**Task requirements**
Each entry is to be restated word for word, with nothing omitted.
▬▬▬▬▬▬
lemma cut_vertex_has_neighbours_on_both_sides:
  assumes "connected_graph V E" "V \<subseteq> A \<union> B \<union> {w}" "A \<inter> B = {}"
    "a \<in> A \<inter> V" "b \<in> B \<inter> V" "\<forall>x\<in>A. \<forall>y\<in>B. \<not> E x y"
  shows "\<exists>x\<in>A. \<exists>y\<in>B. E x w \<and> E w y"
proof (rule ccontr)
  assume no_bridge: "\<not> ?thesis"
  have "E\<^sup>*\<^sup>* a b"
    using assms(1,4,5) unfolding connected_graph_def by blast
  then have "b \<in> A \<or> (b = w \<and> (\<exists>x\<in>A. E x w))"
  proof (induction rule: rtranclp_induct)
    case base
    then show ?case using assms(4) by blast
  next
    case (step y z)
    then show ?case
      using assms(2,6) no_bridge edge_in_vertices no_loop by blast
  qed
  then show False
    using assms(3,5,6) by blast
qed

lemma no_C4_outside_closed_nbhd_of_cut_vertex:
  assumes "V \<subseteq> A \<union> B \<union> {w}" "finite A" "card A \<le> 4" "finite B" "card B \<le> 4"
    "a \<in> A" "b \<in> B" "E w a" "E w b" "\<forall>x\<in>A. \<forall>y\<in>B. \<not> E x y"
  shows "\<not> contains_C4 (V - closed_nbhd V E {w}) E"
proof
  assume "contains_C4 (V - closed_nbhd V E {w}) E"
  moreover have "V - closed_nbhd V E {w} \<subseteq> (A - {a}) \<union> (B - {b})"
    using assms(1,6-9) neighbour_in_closed_nbhd unfolding closed_nbhd_def by blast
  ultimately have "contains_C4 ((A - {a}) \<union> (B - {b})) E"
    by (rule contains_C4_mono)
  then have "contains_C4 (A - {a}) E \<or> contains_C4 (B - {b}) E"
    using contains_C4_Un_no_edges[OF symp_edges] assms(10) by blast
  then show False
    using contains_C4_card_ge_4[of "A - {a}"] contains_C4_card_ge_4[of "B - {b}"] assms(2-7)
    by fastforce
qed

end

locale subcubic_graph = graph +
  assumes subcubic: "max_degree_le V E 3"
begin

lemma no_four_neighbours:
  assumes "distinct [a, b, c, d]" "E w a" "E w b" "E w c" "E w d"
  shows False
proof -
  have "finite {u. E w u}"
    using finite_vertices edge_in_vertices by (blast intro: rev_finite_subset)
  moreover have "{a, b, c, d} \<subseteq> {u. E w u}"
    using assms by blast
  ultimately have "card {a, b, c, d} \<le> degree E w"
    unfolding degree_def by (rule card_mono)
  moreover have "degree E w \<le> 3"
    using subcubic edge_in_vertices assms(2) unfolding max_degree_le_def by blast
  ultimately show False
    using assms(1) by simp
qed

lemma C4_outside_closed_nbhd_disjoint:
  assumes Q: "C4_on E Q" "x \<in> Q" and S: "C4_on E S" "S \<subseteq> V - closed_nbhd V E {x}"
  shows "S \<inter> Q = {}"
proof (rule ccontr)
  assume "S \<inter> Q \<noteq> {}"
  then obtain c where c: "c \<in> S" "c \<in> Q" by blast
  then have "c \<noteq> x" "\<not> E x c"
    using S(2) neighbour_in_closed_nbhd unfolding closed_nbhd_def by blast+
  then obtain b d where bd: "b \<noteq> d" "E x b" "E x d" "E c b" "E c d"
    using C4_on_common_neighbours[OF symp_edges Q c(2)] by blast
  obtain y z where yz: "y \<in> S" "z \<in> S" "y \<noteq> z" "E c y" "E c z"
    using C4_on_two_neighbours[OF symp_edges S(1) c(1)] by blast
  have "y \<notin> {b, d}" "z \<notin> {b, d}"
    using yz(1,2) S(2) bd(2,3) neighbour_in_closed_nbhd by blast+
  then show False
    using no_four_neighbours[of b d y z c] bd yz by auto
qed

lemma contains_C4_outside_closed_nbhd_Diff:
  assumes "C4_on E Q" "x \<in> Q" "contains_C4 (V - closed_nbhd V E {x}) E"
  shows "contains_C4 (V - closed_nbhd V E {x} - Q) E"
proof -
  obtain S where "S \<subseteq> V - closed_nbhd V E {x}" "C4_on E S"
    using assms(3) unfolding contains_C4_iff_C4_on by blast
  moreover from this have "S \<inter> Q = {}"
    using C4_outside_closed_nbhd_disjoint assms(1,2) by blast
  ultimately show ?thesis
    unfolding contains_C4_iff_C4_on by blast
qed

lemma extra_vertex_two_neighbours:
  assumes Q: "C4_on E Q" "x \<in> Q" and far: "contains_C4 (V - closed_nbhd V E {x}) E"
    and cover: "V \<subseteq> Q \<union> R \<union> {w}" and R: "finite R" "card R \<le> 4" "y \<in> R" "E x y"
  shows "\<exists>u1\<in>R. \<exists>u2\<in>R. u1 \<noteq> u2 \<and> E w u1 \<and> E w u2"
proof -
  have "contains_C4 (V - closed_nbhd V E {x} - Q) E"
    using contains_C4_outside_closed_nbhd_Diff[OF Q far] .
  moreover have "V - closed_nbhd V E {x} - Q \<subseteq> insert w (R - {y})"
    using cover R(4) neighbour_in_closed_nbhd by blast
  ultimately have "contains_C4 (insert w (R - {y})) E"
    by (rule contains_C4_mono)
  moreover have "\<not> contains_C4 (R - {y}) E"
    using contains_C4_card_ge_4[of "R - {y}"] R by fastforce
  ultimately show ?thesis
    using contains_C4_insert[OF symp_edges] by blast
qed

lemma no_edge_between_C4s:
  assumes far: "\<And>v. v \<in> V \<Longrightarrow> contains_C4 (V - closed_nbhd V E {v}) E"
    and Q: "C4_on E Q" and R: "C4_on E R" and "Q \<inter> R = {}" and cover: "V \<subseteq> Q \<union> R \<union> {w}"
  shows "\<forall>x\<in>Q. \<forall>y\<in>R. \<not> E x y"
proof (intro ballI notI)
  fix x y assume xy: "x \<in> Q" "y \<in> R" "E x y"
  have "x \<in> V" "y \<in> V" "E y x"
    using edge_in_vertices[OF xy(3)] sympD[OF symp_edges xy(3)] by auto
  have cover': "V \<subseteq> R \<union> Q \<union> {w}"
    using cover by blast
  obtain u1 u2 where "u1 \<in> R" "u2 \<in> R" "u1 \<noteq> u2" "E w u1" "E w u2"
    using extra_vertex_two_neighbours[OF Q xy(1) far[OF \<open>x \<in> V\<close>] cover _ _ xy(2,3)]
      C4_on_card[OF R] by auto
  moreover obtain u3 u4 where "u3 \<in> Q" "u4 \<in> Q" "u3 \<noteq> u4" "E w u3" "E w u4"
    using extra_vertex_two_neighbours[OF R xy(2) far[OF \<open>y \<in> V\<close>] cover' _ _ xy(1) \<open>E y x\<close>]
      C4_on_card[OF Q] by auto
  ultimately show False
    using no_four_neighbours[of u1 u2 u3 u4 w] \<open>Q \<inter> R = {}\<close> by auto
qed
▬▬▬▬▬▬
**The answer**
lemma cut_vertex_has_neighbours_on_both_sides:
  assumes "connected_graph V E" "V \<subseteq> A \<union> B \<union> {w}" "A \<inter> B = {}"
    "a \<in> A \<inter> V" "b \<in> B \<inter> V" "\<forall>x\<in>A. \<forall>y\<in>B. \<not> E x y"
  shows "\<exists>x\<in>A. \<exists>y\<in>B. E x w \<and> E w y"
proof (rule ccontr)
  assume no_bridge: "\<not> ?thesis"
  have "E\<^sup>*\<^sup>* a b"
    using assms(1,4,5) unfolding connected_graph_def by blast
  then have "b \<in> A \<or> (b = w \<and> (\<exists>x\<in>A. E x w))"
  proof (induction rule: rtranclp_induct)
    case base
    then show ?case using assms(4) by blast
  next
    case (step y z)
    then show ?case
      using assms(2,6) no_bridge edge_in_vertices no_loop by blast
  qed
  then show False
    using assms(3,5,6) by blast
qed

lemma no_C4_outside_closed_nbhd_of_cut_vertex:
  assumes "V \<subseteq> A \<union> B \<union> {w}" "finite A" "card A \<le> 4" "finite B" "card B \<le> 4"
    "a \<in> A" "b \<in> B" "E w a" "E w b" "\<forall>x\<in>A. \<forall>y\<in>B. \<not> E x y"
  shows "\<not> contains_C4 (V - closed_nbhd V E {w}) E"
proof
  assume "contains_C4 (V - closed_nbhd V E {w}) E"
  moreover have "V - closed_nbhd V E {w} \<subseteq> (A - {a}) \<union> (B - {b})"
    using assms(1,6-9) neighbour_in_closed_nbhd unfolding closed_nbhd_def by blast
  ultimately have "contains_C4 ((A - {a}) \<union> (B - {b})) E"
    by (rule contains_C4_mono)
  then have "contains_C4 (A - {a}) E \<or> contains_C4 (B - {b}) E"
    using contains_C4_Un_no_edges[OF symp_edges] assms(10) by blast
  then show False
    using contains_C4_card_ge_4[of "A - {a}"] contains_C4_card_ge_4[of "B - {b}"] assms(2-7)
    by fastforce
qed

end

locale subcubic_graph = graph +
  assumes subcubic: "max_degree_le V E 3"
begin

lemma no_four_neighbours:
  assumes "distinct [a, b, c, d]" "E w a" "E w b" "E w c" "E w d"
  shows False
proof -
  have "finite {u. E w u}"
    using finite_vertices edge_in_vertices by (blast intro: rev_finite_subset)
  moreover have "{a, b, c, d} \<subseteq> {u. E w u}"
    using assms by blast
  ultimately have "card {a, b, c, d} \<le> degree E w"
    unfolding degree_def by (rule card_mono)
  moreover have "degree E w \<le> 3"
    using subcubic edge_in_vertices assms(2) unfolding max_degree_le_def by blast
  ultimately show False
    using assms(1) by simp
qed

lemma C4_outside_closed_nbhd_disjoint:
  assumes Q: "C4_on E Q" "x \<in> Q" and S: "C4_on E S" "S \<subseteq> V - closed_nbhd V E {x}"
  shows "S \<inter> Q = {}"
proof (rule ccontr)
  assume "S \<inter> Q \<noteq> {}"
  then obtain c where c: "c \<in> S" "c \<in> Q" by blast
  then have "c \<noteq> x" "\<not> E x c"
    using S(2) neighbour_in_closed_nbhd unfolding closed_nbhd_def by blast+
  then obtain b d where bd: "b \<noteq> d" "E x b" "E x d" "E c b" "E c d"
    using C4_on_common_neighbours[OF symp_edges Q c(2)] by blast
  obtain y z where yz: "y \<in> S" "z \<in> S" "y \<noteq> z" "E c y" "E c z"
    using C4_on_two_neighbours[OF symp_edges S(1) c(1)] by blast
  have "y \<notin> {b, d}" "z \<notin> {b, d}"
    using yz(1,2) S(2) bd(2,3) neighbour_in_closed_nbhd by blast+
  then show False
    using no_four_neighbours[of b d y z c] bd yz by auto
qed

lemma contains_C4_outside_closed_nbhd_Diff:
  assumes "C4_on E Q" "x \<in> Q" "contains_C4 (V - closed_nbhd V E {x}) E"
  shows "contains_C4 (V - closed_nbhd V E {x} - Q) E"
proof -
  obtain S where "S \<subseteq> V - closed_nbhd V E {x}" "C4_on E S"
    using assms(3) unfolding contains_C4_iff_C4_on by blast
  moreover from this have "S \<inter> Q = {}"
    using C4_outside_closed_nbhd_disjoint assms(1,2) by blast
  ultimately show ?thesis
    unfolding contains_C4_iff_C4_on by blast
qed

lemma extra_vertex_two_neighbours:
  assumes Q: "C4_on E Q" "x \<in> Q" and far: "contains_C4 (V - closed_nbhd V E {x}) E"
    and cover: "V \<subseteq> Q \<union> R \<union> {w}" and R: "finite R" "card R \<le> 4" "y \<in> R" "E x y"
  shows "\<exists>u1\<in>R. \<exists>u2\<in>R. u1 \<noteq> u2 \<and> E w u1 \<and> E w u2"
proof -
  have "contains_C4 (V - closed_nbhd V E {x} - Q) E"
    using contains_C4_outside_closed_nbhd_Diff[OF Q far] .
  moreover have "V - closed_nbhd V E {x} - Q \<subseteq> insert w (R - {y})"
    using cover R(4) neighbour_in_closed_nbhd by blast
  ultimately have "contains_C4 (insert w (R - {y})) E"
    by (rule contains_C4_mono)
  moreover have "\<not> contains_C4 (R - {y}) E"
    using contains_C4_card_ge_4[of "R - {y}"] R by fastforce
  ultimately show ?thesis
    using contains_C4_insert[OF symp_edges] by blast
qed

lemma no_edge_between_C4s:
  assumes far: "\<And>v. v \<in> V \<Longrightarrow> contains_C4 (V - closed_nbhd V E {v}) E"
    and Q: "C4_on E Q" and R: "C4_on E R" and "Q \<inter> R = {}" and cover: "V \<subseteq> Q \<union> R \<union> {w}"
  shows "\<forall>x\<in>Q. \<forall>y\<in>R. \<not> E x y"
proof (intro ballI notI)
  fix x y assume xy: "x \<in> Q" "y \<in> R" "E x y"
  have "x \<in> V" "y \<in> V" "E y x"
    using edge_in_vertices[OF xy(3)] sympD[OF symp_edges xy(3)] by auto
  have cover': "V \<subseteq> R \<union> Q \<union> {w}"
    using cover by blast
  obtain u1 u2 where "u1 \<in> R" "u2 \<in> R" "u1 \<noteq> u2" "E w u1" "E w u2"
    using extra_vertex_two_neighbours[OF Q xy(1) far[OF \<open>x \<in> V\<close>] cover _ _ xy(2,3)]
      C4_on_card[OF R] by auto
  moreover obtain u3 u4 where "u3 \<in> Q" "u4 \<in> Q" "u3 \<noteq> u4" "E w u3" "E w u4"
    using extra_vertex_two_neighbours[OF R xy(2) far[OF \<open>y \<in> V\<close>] cover' _ _ xy(1) \<open>E y x\<close>]
      C4_on_card[OF Q] by auto
  ultimately show False
    using no_four_neighbours[of u1 u2 u3 u4 w] \<open>Q \<inter> R = {}\<close> by auto
qed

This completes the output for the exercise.